Closed bwalsh closed 6 years ago
@bwalsh That is my opinion. Happy to have @ahwagner @malachig and others chime in as well.
@jgoecks
Made the change - brca now has 17,584 items ( was 5,715 ) One note: unreviewed items do not have a phenotype
+++ b/harvester/brca.py
@@ -22,10 +22,10 @@ def harvest(genes=None):
else:
page_num = page_num + 1
for record in payload['data']:
- if not record['Pathogenicity_expert'] == 'Not Yet Reviewed':
- gene = record['Gene_Symbol']
- gene_data = {'gene': gene, 'brca': record}
- yield gene_data
+ # if not record['Pathogenicity_expert'] == 'Not Yet Reviewed':
+ gene = record['Gene_Symbol']
+ gene_data = {'gene': gene, 'brca': record}
+ yield gene_data
@bwalsh I get slightly different results when I run this. source:brca: 17,546 source:brca AND exists:association.phenotype.description: 5,791
Whereas g2p-test shows a slightly higher overall result from BRCA and a slightly lower count with phenotype association. Is this just related to when the harvest was run do you think?

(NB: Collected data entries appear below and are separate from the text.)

lemma shuffle:
  fixes s t :: real
  assumes s: "\<bar>s\<bar> = 1" and t: "\<bar>t\<bar> = 1"
  shows "zeta1 2 s * zeta1 3 t = zeta2 2 s 3 (s * t) + 2 * zeta2 3 s 2 (s * t) + 3 * zeta2 4 s 1 (s * t)
                                + zeta2 3 t 2 (s * t) + 3 * zeta2 4 t 1 (s * t)"
    (is "_ = ?rhs")
proof -
  have st: "\<bar>s * t\<bar> = 1" "s * (s * t) = t" "t * (s * t) = s"
    using sign_square[OF s] sign_square[OF t] s t by (simp_all add: abs_mult flip: mult.assoc)
  define S where "S = (\<lambda>(m,n). s ^ m * (s * (s * t)) ^ n / (real (m + n) ^ 2 * real n ^ 3)
        + 2 * (s ^ m * (s * (s * t)) ^ n / (real (m + n) ^ 3 * real n ^ 2))
        + 3 * (s ^ m * (s * (s * t)) ^ n / (real (m + n) ^ 4 * real n ^ 1))
        + t ^ n * (t * (s * t)) ^ m / (real (m + n) ^ 3 * real m ^ 2)
        + 3 * (t ^ n * (t * (s * t)) ^ m / (real (m + n) ^ 4 * real m ^ 1)))"
  have sum_S: "(S has_sum ?rhs) ({1..} \<times> {1..})"
    unfolding S_def by (intro has_sum_add_pairs has_sum_cmult_pairs has_sum_zeta2_shifted s t st) auto
  have S_eq: "S (m,n) = s ^ m / real m ^ 2 * (t ^ n / real n ^ 3)" if "1 \<le> m" "1 \<le> n" for m n
    using shuffle_fraction[of "real m" "real n" "s ^ m * t ^ n"] that by (simp add: S_def st sign_square[OF t] mult_ac)
  have "((\<lambda>(m,n). s ^ m / real m ^ 2 * (t ^ n / real n ^ 3)) has_sum ?rhs) ({1..} \<times> {1..})"
    using sum_S by (rule has_sum_cong[THEN iffD1, rotated]) (auto simp: S_eq)
  moreover have "((\<lambda>(m,n). s ^ m / real m ^ 2 * (t ^ n / real n ^ 3)) has_sum (zeta1 2 s * zeta1 3 t)) ({1..} \<times> {1..})"
    using s t by (intro has_sum_zeta1_product) auto
  ultimately show ?thesis using has_sum_unique by blast
qed


text \<open>Distribution relation: the four sign choices add up to the even-even terms, i.e. to a
  rescaled \<open>zeta2 a 1 b 1\<close>.\<close>
lemma distribution:
  assumes "2 \<le> a" "1 \<le> b"
  shows "zeta2 a 1 b 1 + zeta2 a 1 b (-1) + zeta2 a (-1) b 1 + zeta2 a (-1) b (-1) = 4 / 2 ^ (a + b) * zeta2 a 1 b 1"
    (is "?lhs = _")
proof -
  define F where "F = (\<lambda>(m::nat,n::nat). (if even m \<and> even n then 4 else 0) / (real m ^ a * real n ^ b))"
  have "((\<lambda>(m,n). 1 ^ m * 1 ^ n / (real m ^ a * real n ^ b) + 1 ^ m * (-1) ^ n / (real m ^ a * real n ^ b)
          + (-1) ^ m * 1 ^ n / (real m ^ a * real n ^ b) + (-1) ^ m * (-1) ^ n / (real m ^ a * real n ^ b))
        has_sum ?lhs) strict_pairs"
    using assms by (intro has_sum_add_pairs has_sum_zeta2) auto
  then have "(F has_sum ?lhs) strict_pairs"
    by (rule has_sum_cong[THEN iffD1, rotated])
       (auto simp: F_def simp flip: add_divide_distrib split: if_splits)
  moreover have "(F has_sum (4 / 2 ^ (a + b) * zeta2 a 1 b 1)) strict_pairs"
  proof (rule has_sum_cong_neutral[THEN iffD1, of _ "{(m,n). (m,n) \<in> strict_pairs \<and> even m \<and> even n}"])
    show "(F has_sum (4 / 2 ^ (a + b) * zeta2 a 1 b 1)) {(m,n). (m,n) \<in> strict_pairs \<and> even m \<and> even n}"
      using has_sum_cmult_right[OF has_sum_zeta2[of a b 1 1], of "4 / 2 ^ (a + b)"] assms
      by (rule_tac has_sum_reindex_bij_witness[where j="\<lambda>(m,n). (2 * m, 2 * n)" and i="\<lambda>(m,n). (m div 2, n div 2)", THEN iffD1])
         (auto simp: strict_pairs_def F_def power_mult_distrib power_add)
  qed (auto simp: F_def split: if_splits)
  ultimately show ?thesis using has_sum_unique by blast
qed
lemma arc_dbw_eqI:
  assumes "E1 = {} \<longleftrightarrow> E2 = {}"
   "\<And>N TE \<beta>. is_arc_dbd E1 N TE \<beta> \<Longrightarrow>
      \<exists>N' TE' \<beta>'. is_arc_dbd E2 N' TE' \<beta>' \<and> dec_width E2 N' TE' \<beta>' \<le> dec_width E1 N TE \<beta>"
   "\<And>N TE \<beta>. is_arc_dbd E2 N TE \<beta> \<Longrightarrow>
      \<exists>N' TE' \<beta>'. is_arc_dbd E1 N' TE' \<beta>' \<and> dec_width E1 N' TE' \<beta>' \<le> dec_width E2 N TE \<beta>"
  shows "arc_dbw E1 = arc_dbw E2"
proof -
  have "(LEAST k. \<exists>N TE \<beta>. is_arc_dbd E1 N TE \<beta> \<and> dec_width E1 N TE \<beta> = k)
      = (LEAST k. \<exists>N TE \<beta>. is_arc_dbd E2 N TE \<beta> \<and> dec_width E2 N TE \<beta> = k)"
    by (rule Least_eq_if_dominated) (use assms(2,3) in blast)+
  then show ?thesis using assms(1) by (simp add: arc_dbw_def)
qed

Code looks good, just confused about number variation.
I'll check g2p-test tomorrow ( there were snafus uploading to it )

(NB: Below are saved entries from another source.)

(* Let $\mathcal{Q}_1\subseteq\mathcal{Q}_2$ be congruences on $\mathbb{N}^d$. Then (i) $U(\mathcal{Q}_1)\subseteq U(\mathcal{Q}_2)$, and (ii) for each $\mathbf{q}\in\mathcal{Q}_2\setminus\mathcal{Q}_1$ there exists $\mathbf{p}\in U(\mathcal{Q}_2)\setminus U(\mathcal{Q}_1)$ with $\|\mathbf{p}\|\le\|\mathbf{q}\|$.
   Context: A congruence on $\mathbb{N}^d$ is an equivalence relation $\mathcal{Q}\subseteq\mathbb{N}^d\times\mathbb{N}^d$ with $(\mathbf{a},\mathbf{b})\in\mathcal{Q}\Rightarrow(\mathbf{a}+\mathbf{c},\mathbf{b}+\mathbf{c})\in\mathcal{Q}$ (seen as a subset of $\mathbb{N}^{2d}$). $\|\cdot\|$ is the maximum norm. For $X\subseteq\mathbb{N}^k$, $X\uparrow=\{\mathbf{y}\mid\exists\mathbf{x}\in X:\mathbf{x}\le\mathbf{y}\}$ (componentwise order). For a congruence $\mathcal{Q}$, $U(\mathcal{Q})\subseteq\mathbb{N}^{4d}$ is $U(\mathcal{Q})=\{(\mathbf{x},\mathbf{y},\mathbf{u},\mathbf{v})\mid(\mathbf{x},\mathbf{y})\in\mathcal{Q},(\mathbf{x}+\mathbf{u},\mathbf{y}+\mathbf{v})\in\mathcal{Q},(\mathbf{u},\mathbf{v})\ne(\mathbf{0},\mathbf{0})\}\uparrow$. *)

theory Defs
  imports "HOL-Library.Function_Algebras"
begin

text \<open>Vectors of \<open>\<nat>^d\<close> are represented as functions \<open>'d \<Rightarrow> nat\<close> over a finite index type \<open>'d\<close>
  (d = CARD('d)); addition and the order \<open>\<le>\<close> on functions are componentwise.\<close>

type_synonym 'd vec = "'d \<Rightarrow> nat"

definition congruence :: "('d vec \<times> 'd vec) set \<Rightarrow> bool" where
  "congruence Q \<longleftrightarrow> equiv UNIV Q \<and>
     (\<forall>a b c. (a, b) \<in> Q \<longrightarrow> (a + c, b + c) \<in> Q)"

text \<open>Maximum norm; elements of \<open>\<nat>^{2d}\<close> / \<open>\<nat>^{4d}\<close> are tuples of \<open>\<nat>^d\<close> vectors.\<close>
definition vnorm :: "('d::finite) vec \<Rightarrow> nat" where
  "vnorm x = Max (range x)"

definition norm2 :: "('d::finite) vec \<times> 'd vec \<Rightarrow> nat" where
  "norm2 p = max (vnorm (fst p)) (vnorm (snd p))"

definition norm4 :: "('d::finite) vec \<times> 'd vec \<times> 'd vec \<times> 'd vec \<Rightarrow> nat" where
  "norm4 p = (case p of (x, y, u, v) \<Rightarrow> max (max (vnorm x) (vnorm y)) (max (vnorm u) (vnorm v)))"

definition upclose4 :: "('d vec \<times> 'd vec \<times> 'd vec \<times> 'd vec) set \<Rightarrow> ('d vec \<times> 'd vec \<times> 'd vec \<times> 'd vec) set" where
  "upclose4 X = {(y1, y2, y3, y4). \<exists>(x1, x2, x3, x4) \<in> X. x1 \<le> y1 \<and> x2 \<le> y2 \<and> x3 \<le> y3 \<and> x4 \<le> y4}"

definition U :: "('d vec \<times> 'd vec) set \<Rightarrow> ('d vec \<times> 'd vec \<times> 'd vec \<times> 'd vec) set" where
  "U Q = upclose4 {(x, y, u, v). (x, y) \<in> Q \<and> (x + u, y + v) \<in> Q \<and> (u, v) \<noteq> (0, 0)}"

end

theory Submission
  imports Defs "HOL-Library.FuncSet" "HOL-Library.Product_Order"
begin

text \<open>Pick \<open>(x, y) \<in> Q\<^sub>1\<close> maximal among the pairs of \<open>Q\<^sub>1\<close> below \<open>q = (a, b)\<close>, and
  let \<open>p = (x, y, a - x, b - y)\<close>; then \<open>p \<in> U(Q\<^sub>2)\<close> because \<open>(x, y)\<close> and \<open>(a, b)\<close> lie
  in \<open>Q\<^sub>2\<close>, and \<open>\<parallel>p\<parallel> \<le> \<parallel>q\<parallel>\<close>. If \<open>p\<close> were in \<open>U(Q\<^sub>1)\<close>, a generator
  \<open>(x', y', u, v) \<le> p\<close> would give, by translating the congruences \<open>x' \<sim> y'\<close>,
  \<open>x' + u \<sim> y' + v\<close> and \<open>x \<sim> y\<close> against each other, \<open>x + u \<sim> y + v\<close> in \<open>Q\<^sub>1\<close>: a pair
  of \<open>Q\<^sub>1\<close> below \<open>q\<close> strictly above \<open>(x, y)\<close>, contradicting maximality.\<close>

lemma U_mono: "Q1 \<subseteq> Q2 \<Longrightarrow> U Q1 \<subseteq> U Q2"
  unfolding U_def upclose4_def by fastforce

lemma congruence_refl: "congruence Q \<Longrightarrow> (a, a) \<in> Q"
  unfolding congruence_def equiv_def by (auto dest: refl_onD)

lemma congruence_sym: "congruence Q \<Longrightarrow> (a, b) \<in> Q \<Longrightarrow> (b, a) \<in> Q"
  unfolding congruence_def equiv_def by (auto dest: symD)

lemma congruence_trans: "congruence Q \<Longrightarrow> (a, b) \<in> Q \<Longrightarrow> (b, c) \<in> Q \<Longrightarrow> (a, c) \<in> Q"
  unfolding congruence_def equiv_def by (auto dest: transD)

lemma congruence_translate: "congruence Q \<Longrightarrow> (a, b) \<in> Q \<Longrightarrow> (a + c, b + c) \<in> Q"
  unfolding congruence_def by blast

lemma congruence_add_offsets:
  assumes Q: "congruence Q" and ab: "(a, b) \<in> Q"
    and uv: "(a + u, b + v) \<in> Q" and st: "(a + s, b + t) \<in> Q"
  shows "(a + s + u, b + t + v) \<in> Q"
proof -
  have "(a + s + u, b + v + s) \<in> Q"
    using congruence_translate[OF Q uv, of s] by (simp add: ac_simps)
  moreover have "(b + s, b + t) \<in> Q"
    using congruence_trans[OF Q congruence_sym[OF Q congruence_translate[OF Q ab]] st] .
  then have "(b + v + s, b + t + v) \<in> Q"
    using congruence_translate[OF Q, of "b + s" "b + t" v] by (simp add: ac_simps)
  ultimately show ?thesis
    using congruence_trans[OF Q] by blast
qed

lemma add_diff_vec: "x \<le> (a :: 'd vec) \<Longrightarrow> x + (a - x) = a"
  by (auto simp: le_fun_def fun_eq_iff)

lemma add_le_vec: "x \<le> (a :: 'd vec) \<Longrightarrow> u \<le> a - x \<Longrightarrow> x + u \<le> a"
  by (auto simp: le_fun_def) (metis le_add_diff_inverse add_le_mono1 add.commute)

lemma U_congruence_offset:
  assumes Q: "congruence Q" and xy: "(x, y) \<in> Q" and p: "(x, y, u, v) \<in> U Q"
  obtains u' v' where "u' \<le> u" "v' \<le> v" "(u', v') \<noteq> (0, 0)" "(x + u', y + v') \<in> Q"
proof -
  obtain x' y' u' v' where le: "x' \<le> x" "y' \<le> y" "u' \<le> u" "v' \<le> v"
    and base: "(x', y') \<in> Q" and step: "(x' + u', y' + v') \<in> Q" and nz: "(u', v') \<noteq> (0, 0)"
    using p unfolding U_def upclose4_def by auto
  have "(x' + (x - x'), y' + (y - y')) \<in> Q"
    using xy le by (simp add: add_diff_vec)
  then have "(x' + (x - x') + u', y' + (y - y') + v') \<in> Q"
    using congruence_add_offsets[OF Q base step] by blast
  then have "(x + u', y + v') \<in> Q"
    using le by (simp add: add_diff_vec)
  with le nz that show ?thesis by blast
qed

lemma finite_le_vec: "finite {x. x \<le> (a :: ('d::finite) vec)}"
proof (rule finite_subset)
  show "{x. x \<le> a} \<subseteq> PiE UNIV (\<lambda>i. {..a i})"
    by (auto simp: le_fun_def PiE_def extensional_def)
  show "finite (PiE (UNIV :: 'd set) (\<lambda>i. {..a i}))"
    by (rule finite_PiE) auto
qed

lemma exists_maximal_below:
  fixes a b :: "('d::finite) vec"
  assumes "(c, d) \<in> Q" "c \<le> a" "d \<le> b"
  obtains x y where "(x, y) \<in> Q" "x \<le> a" "y \<le> b"
    "\<And>x' y'. (x', y') \<in> Q \<Longrightarrow> x' \<le> a \<Longrightarrow> y' \<le> b \<Longrightarrow> x \<le> x' \<Longrightarrow> y \<le> y' \<Longrightarrow> x' = x \<and> y' = y"
proof -
  let ?S = "{(x, y) \<in> Q. x \<le> a \<and> y \<le> b}"
  have "finite ?S"
    by (rule finite_subset[of _ "{x. x \<le> a} \<times> {y. y \<le> b}"]) (auto simp: finite_le_vec)
  moreover have "?S \<noteq> {}"
    using assms by blast
  ultimately obtain m where "m \<in> ?S" "\<forall>m' \<in> ?S. m \<le> m' \<longrightarrow> m = m'"
    using finite_has_maximal by blast
  with that show ?thesis
    by (cases m) fastforce
qed

lemma vnorm_mono: "x \<le> a \<Longrightarrow> vnorm x \<le> vnorm (a :: ('d::finite) vec)"
  unfolding vnorm_def le_fun_def
  by (simp add: Max_le_iff) (meson Max_ge finite_UNIV finite_imageI le_trans rangeI)

lemma norm4_split_le:
  fixes a b :: "('d::finite) vec"
  assumes "x \<le> a" "y \<le> b"
  shows "norm4 (x, y, a - x, b - y) \<le> norm2 (a, b)"
proof -
  have "vnorm x \<le> vnorm a" "vnorm (a - x) \<le> vnorm a"
    "vnorm y \<le> vnorm b" "vnorm (b - y) \<le> vnorm b"
    using assms by (auto intro!: vnorm_mono simp: le_fun_def)
  then show ?thesis
    unfolding norm4_def norm2_def by (auto simp: max_def)
qed

lemma split_mem_U:
  assumes "(x, y) \<in> Q" "(a, b) \<in> Q" "x \<le> a" "y \<le> b" "(x, y) \<noteq> (a, b)"
  shows "(x, y, a - x, b - y) \<in> U Q"
proof -
  have "(a - x, b - y) \<noteq> (0, 0)"
    using assms(3-5) add_diff_vec by force
  with assms have "(x, y, a - x, b - y) \<in>
      {(x, y, u, v). (x, y) \<in> Q \<and> (x + u, y + v) \<in> Q \<and> (u, v) \<noteq> (0, 0)}"
    by (simp add: add_diff_vec)
  then show ?thesis
    unfolding U_def upclose4_def by fastforce
qed

lemma split_not_mem_U:
  assumes Q: "congruence Q" and xy: "(x, y) \<in> Q" and "x \<le> a" "y \<le> b"
    and maximal: "\<And>x' y'. (x', y') \<in> Q \<Longrightarrow> x' \<le> a \<Longrightarrow> y' \<le> b \<Longrightarrow> x \<le> x' \<Longrightarrow> y \<le> y'
      \<Longrightarrow> x' = x \<and> y' = y"
  shows "(x, y, a - x, b - y) \<notin> U Q"
proof
  assume "(x, y, a - x, b - y) \<in> U Q"
  then obtain u v where uv: "u \<le> a - x" "v \<le> b - y" "(u, v) \<noteq> (0, 0)" "(x + u, y + v) \<in> Q"
    using U_congruence_offset[OF Q xy] by metis
  have "x + u \<le> a" "y + v \<le> b"
    using uv(1,2) \<open>x \<le> a\<close> \<open>y \<le> b\<close> by (simp_all add: add_le_vec)
  then have "x + u = x \<and> y + v = y"
    using maximal[OF uv(4)] by (simp add: le_fun_def)
  with uv(3) show False
    by (simp add: fun_eq_iff)
qed

lemma separating_quadruple:
  fixes a b :: "('d::finite) vec"
  assumes Q1: "congruence Q1" and "Q1 \<subseteq> Q2" and "(a, b) \<in> Q2" "(a, b) \<notin> Q1"
  shows "\<exists>p \<in> U Q2 - U Q1. norm4 p \<le> norm2 (a, b)"
proof -
  have "0 \<le> a" "0 \<le> b"
    by (simp_all add: le_fun_def)
  then obtain x y where xy: "(x, y) \<in> Q1" "x \<le> a" "y \<le> b"
    and maximal: "\<And>x' y'. (x', y') \<in> Q1 \<Longrightarrow> x' \<le> a \<Longrightarrow> y' \<le> b \<Longrightarrow> x \<le> x' \<Longrightarrow> y \<le> y'
      \<Longrightarrow> x' = x \<and> y' = y"
    by (rule exists_maximal_below[OF congruence_refl[OF Q1]]) auto
  have "(x, y, a - x, b - y) \<in> U Q2"
    using split_mem_U[of x y Q2 a b] xy assms(2-4) by auto
  moreover have "(x, y, a - x, b - y) \<notin> U Q1"
    using split_not_mem_U[OF Q1 xy maximal] by blast
  ultimately show ?thesis
    using norm4_split_le[OF xy(2,3)] by blast
qed

theorem lemma14:
  fixes Q1 Q2 :: "(('d::finite) vec \<times> 'd vec) set"
  assumes "congruence Q1" and "congruence Q2" and "Q1 \<subseteq> Q2"
  shows "U Q1 \<subseteq> U Q2 \<and>
         (\<forall>q \<in> Q2 - Q1. \<exists>p \<in> U Q2 - U Q1. norm4 p \<le> norm2 q)"
  using U_mono[OF assms(3)] separating_quadruple[OF assms(1,3)] by auto

end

Per the group discussion today, we're reversing course on this and should exclude "Not Yet Reviewed" variants.
@ahwagner @mayfielg @jgoecks for your review... addressed and deployed at https://g2p-test.ddns.net
The possible values:
"Benign / Little Clinical Significance" "Likely benign" "Not Yet Reviewed" "Pathogenic" "Uncertain"
We currently filter out "Not Yet Reviewed".
We discussed removing that filter, can you confirm?